◆ Work order
Repeat the data below word for word.

◆ Extracted information
────────────────
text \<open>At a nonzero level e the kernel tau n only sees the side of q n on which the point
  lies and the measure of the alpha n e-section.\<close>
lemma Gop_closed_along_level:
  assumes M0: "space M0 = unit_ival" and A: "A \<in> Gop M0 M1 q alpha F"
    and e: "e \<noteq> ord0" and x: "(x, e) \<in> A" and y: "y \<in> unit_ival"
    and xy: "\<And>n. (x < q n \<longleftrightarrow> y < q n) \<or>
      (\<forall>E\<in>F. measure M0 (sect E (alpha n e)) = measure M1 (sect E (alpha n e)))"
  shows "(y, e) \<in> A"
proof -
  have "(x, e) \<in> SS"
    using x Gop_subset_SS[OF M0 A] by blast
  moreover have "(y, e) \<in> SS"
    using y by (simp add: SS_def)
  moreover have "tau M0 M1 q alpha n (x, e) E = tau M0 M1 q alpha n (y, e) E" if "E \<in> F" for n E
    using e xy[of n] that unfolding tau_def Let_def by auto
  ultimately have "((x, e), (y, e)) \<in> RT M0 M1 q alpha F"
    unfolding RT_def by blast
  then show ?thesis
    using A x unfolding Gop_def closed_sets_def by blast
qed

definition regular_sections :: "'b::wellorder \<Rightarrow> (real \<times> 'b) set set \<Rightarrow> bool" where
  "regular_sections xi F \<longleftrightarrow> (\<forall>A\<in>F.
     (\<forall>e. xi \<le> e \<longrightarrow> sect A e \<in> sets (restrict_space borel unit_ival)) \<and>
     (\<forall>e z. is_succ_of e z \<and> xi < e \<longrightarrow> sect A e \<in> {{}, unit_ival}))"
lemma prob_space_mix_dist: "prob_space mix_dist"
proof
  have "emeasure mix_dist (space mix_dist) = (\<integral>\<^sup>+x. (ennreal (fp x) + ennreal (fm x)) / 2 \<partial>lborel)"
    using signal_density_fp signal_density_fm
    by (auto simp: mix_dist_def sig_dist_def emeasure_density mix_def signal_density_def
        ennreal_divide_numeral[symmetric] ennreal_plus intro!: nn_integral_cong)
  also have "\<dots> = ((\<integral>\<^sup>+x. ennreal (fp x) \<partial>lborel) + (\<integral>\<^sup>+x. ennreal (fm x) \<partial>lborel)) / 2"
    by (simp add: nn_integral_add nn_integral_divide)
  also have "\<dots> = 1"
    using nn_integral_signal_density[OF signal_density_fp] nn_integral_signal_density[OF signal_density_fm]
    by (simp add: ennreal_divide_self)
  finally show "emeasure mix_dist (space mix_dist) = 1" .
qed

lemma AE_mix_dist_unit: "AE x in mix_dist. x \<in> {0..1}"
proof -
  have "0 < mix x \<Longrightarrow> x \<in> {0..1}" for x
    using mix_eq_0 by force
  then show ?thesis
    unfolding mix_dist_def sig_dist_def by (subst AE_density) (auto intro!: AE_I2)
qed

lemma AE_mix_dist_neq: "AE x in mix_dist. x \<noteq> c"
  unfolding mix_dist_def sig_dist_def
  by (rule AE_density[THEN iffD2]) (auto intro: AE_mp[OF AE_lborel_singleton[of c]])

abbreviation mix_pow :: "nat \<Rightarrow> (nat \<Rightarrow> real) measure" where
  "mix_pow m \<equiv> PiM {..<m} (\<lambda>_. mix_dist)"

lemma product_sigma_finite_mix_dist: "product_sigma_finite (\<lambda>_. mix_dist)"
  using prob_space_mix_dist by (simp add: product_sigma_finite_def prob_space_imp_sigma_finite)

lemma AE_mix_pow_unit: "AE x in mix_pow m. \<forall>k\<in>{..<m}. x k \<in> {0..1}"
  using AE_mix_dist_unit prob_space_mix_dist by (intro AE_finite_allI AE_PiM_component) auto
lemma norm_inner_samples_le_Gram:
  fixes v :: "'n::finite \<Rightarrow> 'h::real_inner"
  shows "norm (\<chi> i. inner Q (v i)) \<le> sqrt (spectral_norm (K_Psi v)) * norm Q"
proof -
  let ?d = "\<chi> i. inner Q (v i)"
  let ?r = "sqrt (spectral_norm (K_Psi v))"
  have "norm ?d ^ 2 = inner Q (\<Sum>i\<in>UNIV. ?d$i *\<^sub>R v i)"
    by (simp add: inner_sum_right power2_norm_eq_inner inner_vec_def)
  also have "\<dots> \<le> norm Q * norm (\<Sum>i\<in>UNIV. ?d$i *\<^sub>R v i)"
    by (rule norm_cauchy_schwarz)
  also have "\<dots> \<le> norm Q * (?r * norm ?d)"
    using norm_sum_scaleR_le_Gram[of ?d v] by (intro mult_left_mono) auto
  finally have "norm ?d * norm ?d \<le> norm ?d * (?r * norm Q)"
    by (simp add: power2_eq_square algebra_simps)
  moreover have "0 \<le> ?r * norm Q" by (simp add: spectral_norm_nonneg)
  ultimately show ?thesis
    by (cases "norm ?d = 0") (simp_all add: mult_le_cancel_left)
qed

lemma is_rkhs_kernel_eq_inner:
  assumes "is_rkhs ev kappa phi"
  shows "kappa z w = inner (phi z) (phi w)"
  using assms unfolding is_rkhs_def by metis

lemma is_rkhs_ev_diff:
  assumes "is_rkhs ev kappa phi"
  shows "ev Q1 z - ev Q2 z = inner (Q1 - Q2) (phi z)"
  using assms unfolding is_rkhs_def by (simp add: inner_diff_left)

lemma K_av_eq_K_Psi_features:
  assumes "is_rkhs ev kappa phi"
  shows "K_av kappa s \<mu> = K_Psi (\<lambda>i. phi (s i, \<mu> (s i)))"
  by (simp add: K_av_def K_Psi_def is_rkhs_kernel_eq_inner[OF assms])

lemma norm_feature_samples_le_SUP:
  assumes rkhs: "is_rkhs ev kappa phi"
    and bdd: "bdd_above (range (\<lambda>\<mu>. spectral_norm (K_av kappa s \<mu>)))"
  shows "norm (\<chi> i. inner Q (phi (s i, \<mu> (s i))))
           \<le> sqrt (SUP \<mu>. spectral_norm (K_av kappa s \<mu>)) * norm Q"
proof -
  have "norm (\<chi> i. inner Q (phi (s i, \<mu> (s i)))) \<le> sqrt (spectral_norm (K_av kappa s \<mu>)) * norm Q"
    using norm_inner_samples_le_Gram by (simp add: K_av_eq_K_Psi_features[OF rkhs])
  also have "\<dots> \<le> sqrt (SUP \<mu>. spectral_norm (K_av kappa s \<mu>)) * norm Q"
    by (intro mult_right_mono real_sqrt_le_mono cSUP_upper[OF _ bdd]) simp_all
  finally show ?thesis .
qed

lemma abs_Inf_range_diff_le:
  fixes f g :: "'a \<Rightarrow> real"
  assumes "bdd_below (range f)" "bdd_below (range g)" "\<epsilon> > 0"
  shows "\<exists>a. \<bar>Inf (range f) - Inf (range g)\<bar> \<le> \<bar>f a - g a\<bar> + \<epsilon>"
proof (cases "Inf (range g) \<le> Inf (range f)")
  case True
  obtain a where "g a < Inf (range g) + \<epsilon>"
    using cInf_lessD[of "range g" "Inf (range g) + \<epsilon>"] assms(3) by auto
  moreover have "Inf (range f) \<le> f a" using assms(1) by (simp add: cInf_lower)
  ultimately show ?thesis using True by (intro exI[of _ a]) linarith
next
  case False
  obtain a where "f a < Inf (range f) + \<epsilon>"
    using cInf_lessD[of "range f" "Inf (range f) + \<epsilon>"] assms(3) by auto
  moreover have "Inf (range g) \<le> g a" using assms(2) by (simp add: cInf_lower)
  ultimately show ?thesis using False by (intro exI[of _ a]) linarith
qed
────────────────
◆ Response area
text \<open>At a nonzero level e the kernel tau n only sees the side of q n on which the point
  lies and the measure of the alpha n e-section.\<close>
lemma Gop_closed_along_level:
  assumes M0: "space M0 = unit_ival" and A: "A \<in> Gop M0 M1 q alpha F"
    and e: "e \<noteq> ord0" and x: "(x, e) \<in> A" and y: "y \<in> unit_ival"
    and xy: "\<And>n. (x < q n \<longleftrightarrow> y < q n) \<or>
      (\<forall>E\<in>F. measure M0 (sect E (alpha n e)) = measure M1 (sect E (alpha n e)))"
  shows "(y, e) \<in> A"
proof -
  have "(x, e) \<in> SS"
    using x Gop_subset_SS[OF M0 A] by blast
  moreover have "(y, e) \<in> SS"
    using y by (simp add: SS_def)
  moreover have "tau M0 M1 q alpha n (x, e) E = tau M0 M1 q alpha n (y, e) E" if "E \<in> F" for n E
    using e xy[of n] that unfolding tau_def Let_def by auto
  ultimately have "((x, e), (y, e)) \<in> RT M0 M1 q alpha F"
    unfolding RT_def by blast
  then show ?thesis
    using A x unfolding Gop_def closed_sets_def by blast
qed

definition regular_sections :: "'b::wellorder \<Rightarrow> (real \<times> 'b) set set \<Rightarrow> bool" where
  "regular_sections xi F \<longleftrightarrow> (\<forall>A\<in>F.
     (\<forall>e. xi \<le> e \<longrightarrow> sect A e \<in> sets (restrict_space borel unit_ival)) \<and>
     (\<forall>e z. is_succ_of e z \<and> xi < e \<longrightarrow> sect A e \<in> {{}, unit_ival}))"
lemma prob_space_mix_dist: "prob_space mix_dist"
proof
  have "emeasure mix_dist (space mix_dist) = (\<integral>\<^sup>+x. (ennreal (fp x) + ennreal (fm x)) / 2 \<partial>lborel)"
    using signal_density_fp signal_density_fm
    by (auto simp: mix_dist_def sig_dist_def emeasure_density mix_def signal_density_def
        ennreal_divide_numeral[symmetric] ennreal_plus intro!: nn_integral_cong)
  also have "\<dots> = ((\<integral>\<^sup>+x. ennreal (fp x) \<partial>lborel) + (\<integral>\<^sup>+x. ennreal (fm x) \<partial>lborel)) / 2"
    by (simp add: nn_integral_add nn_integral_divide)
  also have "\<dots> = 1"
    using nn_integral_signal_density[OF signal_density_fp] nn_integral_signal_density[OF signal_density_fm]
    by (simp add: ennreal_divide_self)
  finally show "emeasure mix_dist (space mix_dist) = 1" .
qed

lemma AE_mix_dist_unit: "AE x in mix_dist. x \<in> {0..1}"
proof -
  have "0 < mix x \<Longrightarrow> x \<in> {0..1}" for x
    using mix_eq_0 by force
  then show ?thesis
    unfolding mix_dist_def sig_dist_def by (subst AE_density) (auto intro!: AE_I2)
qed

lemma AE_mix_dist_neq: "AE x in mix_dist. x \<noteq> c"
  unfolding mix_dist_def sig_dist_def
  by (rule AE_density[THEN iffD2]) (auto intro: AE_mp[OF AE_lborel_singleton[of c]])

abbreviation mix_pow :: "nat \<Rightarrow> (nat \<Rightarrow> real) measure" where
  "mix_pow m \<equiv> PiM {..<m} (\<lambda>_. mix_dist)"

lemma product_sigma_finite_mix_dist: "product_sigma_finite (\<lambda>_. mix_dist)"
  using prob_space_mix_dist by (simp add: product_sigma_finite_def prob_space_imp_sigma_finite)

lemma AE_mix_pow_unit: "AE x in mix_pow m. \<forall>k\<in>{..<m}. x k \<in> {0..1}"
  using AE_mix_dist_unit prob_space_mix_dist by (intro AE_finite_allI AE_PiM_component) auto
lemma norm_inner_samples_le_Gram:
  fixes v :: "'n::finite \<Rightarrow> 'h::real_inner"
  shows "norm (\<chi> i. inner Q (v i)) \<le> sqrt (spectral_norm (K_Psi v)) * norm Q"
proof -
  let ?d = "\<chi> i. inner Q (v i)"
  let ?r = "sqrt (spectral_norm (K_Psi v))"
  have "norm ?d ^ 2 = inner Q (\<Sum>i\<in>UNIV. ?d$i *\<^sub>R v i)"
    by (simp add: inner_sum_right power2_norm_eq_inner inner_vec_def)
  also have "\<dots> \<le> norm Q * norm (\<Sum>i\<in>UNIV. ?d$i *\<^sub>R v i)"
    by (rule norm_cauchy_schwarz)
  also have "\<dots> \<le> norm Q * (?r * norm ?d)"
    using norm_sum_scaleR_le_Gram[of ?d v] by (intro mult_left_mono) auto
  finally have "norm ?d * norm ?d \<le> norm ?d * (?r * norm Q)"
    by (simp add: power2_eq_square algebra_simps)
  moreover have "0 \<le> ?r * norm Q" by (simp add: spectral_norm_nonneg)
  ultimately show ?thesis
    by (cases "norm ?d = 0") (simp_all add: mult_le_cancel_left)
qed

lemma is_rkhs_kernel_eq_inner:
  assumes "is_rkhs ev kappa phi"
  shows "kappa z w = inner (phi z) (phi w)"
  using assms unfolding is_rkhs_def by metis

lemma is_rkhs_ev_diff:
  assumes "is_rkhs ev kappa phi"
  shows "ev Q1 z - ev Q2 z = inner (Q1 - Q2) (phi z)"
  using assms unfolding is_rkhs_def by (simp add: inner_diff_left)

lemma K_av_eq_K_Psi_features:
  assumes "is_rkhs ev kappa phi"
  shows "K_av kappa s \<mu> = K_Psi (\<lambda>i. phi (s i, \<mu> (s i)))"
  by (simp add: K_av_def K_Psi_def is_rkhs_kernel_eq_inner[OF assms])

lemma norm_feature_samples_le_SUP:
  assumes rkhs: "is_rkhs ev kappa phi"
    and bdd: "bdd_above (range (\<lambda>\<mu>. spectral_norm (K_av kappa s \<mu>)))"
  shows "norm (\<chi> i. inner Q (phi (s i, \<mu> (s i))))
           \<le> sqrt (SUP \<mu>. spectral_norm (K_av kappa s \<mu>)) * norm Q"
proof -
  have "norm (\<chi> i. inner Q (phi (s i, \<mu> (s i)))) \<le> sqrt (spectral_norm (K_av kappa s \<mu>)) * norm Q"
    using norm_inner_samples_le_Gram by (simp add: K_av_eq_K_Psi_features[OF rkhs])
  also have "\<dots> \<le> sqrt (SUP \<mu>. spectral_norm (K_av kappa s \<mu>)) * norm Q"
    by (intro mult_right_mono real_sqrt_le_mono cSUP_upper[OF _ bdd]) simp_all
  finally show ?thesis .
qed

lemma abs_Inf_range_diff_le:
  fixes f g :: "'a \<Rightarrow> real"
  assumes "bdd_below (range f)" "bdd_below (range g)" "\<epsilon> > 0"
  shows "\<exists>a. \<bar>Inf (range f) - Inf (range g)\<bar> \<le> \<bar>f a - g a\<bar> + \<epsilon>"
proof (cases "Inf (range g) \<le> Inf (range f)")
  case True
  obtain a where "g a < Inf (range g) + \<epsilon>"
    using cInf_lessD[of "range g" "Inf (range g) + \<epsilon>"] assms(3) by auto
  moreover have "Inf (range f) \<le> f a" using assms(1) by (simp add: cInf_lower)
  ultimately show ?thesis using True by (intro exI[of _ a]) linarith
next
  case False
  obtain a where "f a < Inf (range f) + \<epsilon>"
    using cInf_lessD[of "range f" "Inf (range f) + \<epsilon>"] assms(3) by auto
  moreover have "Inf (range g) \<le> g a" using assms(2) by (simp add: cInf_lower)
  ultimately show ?thesis using False by (intro exI[of _ a]) linarith
qed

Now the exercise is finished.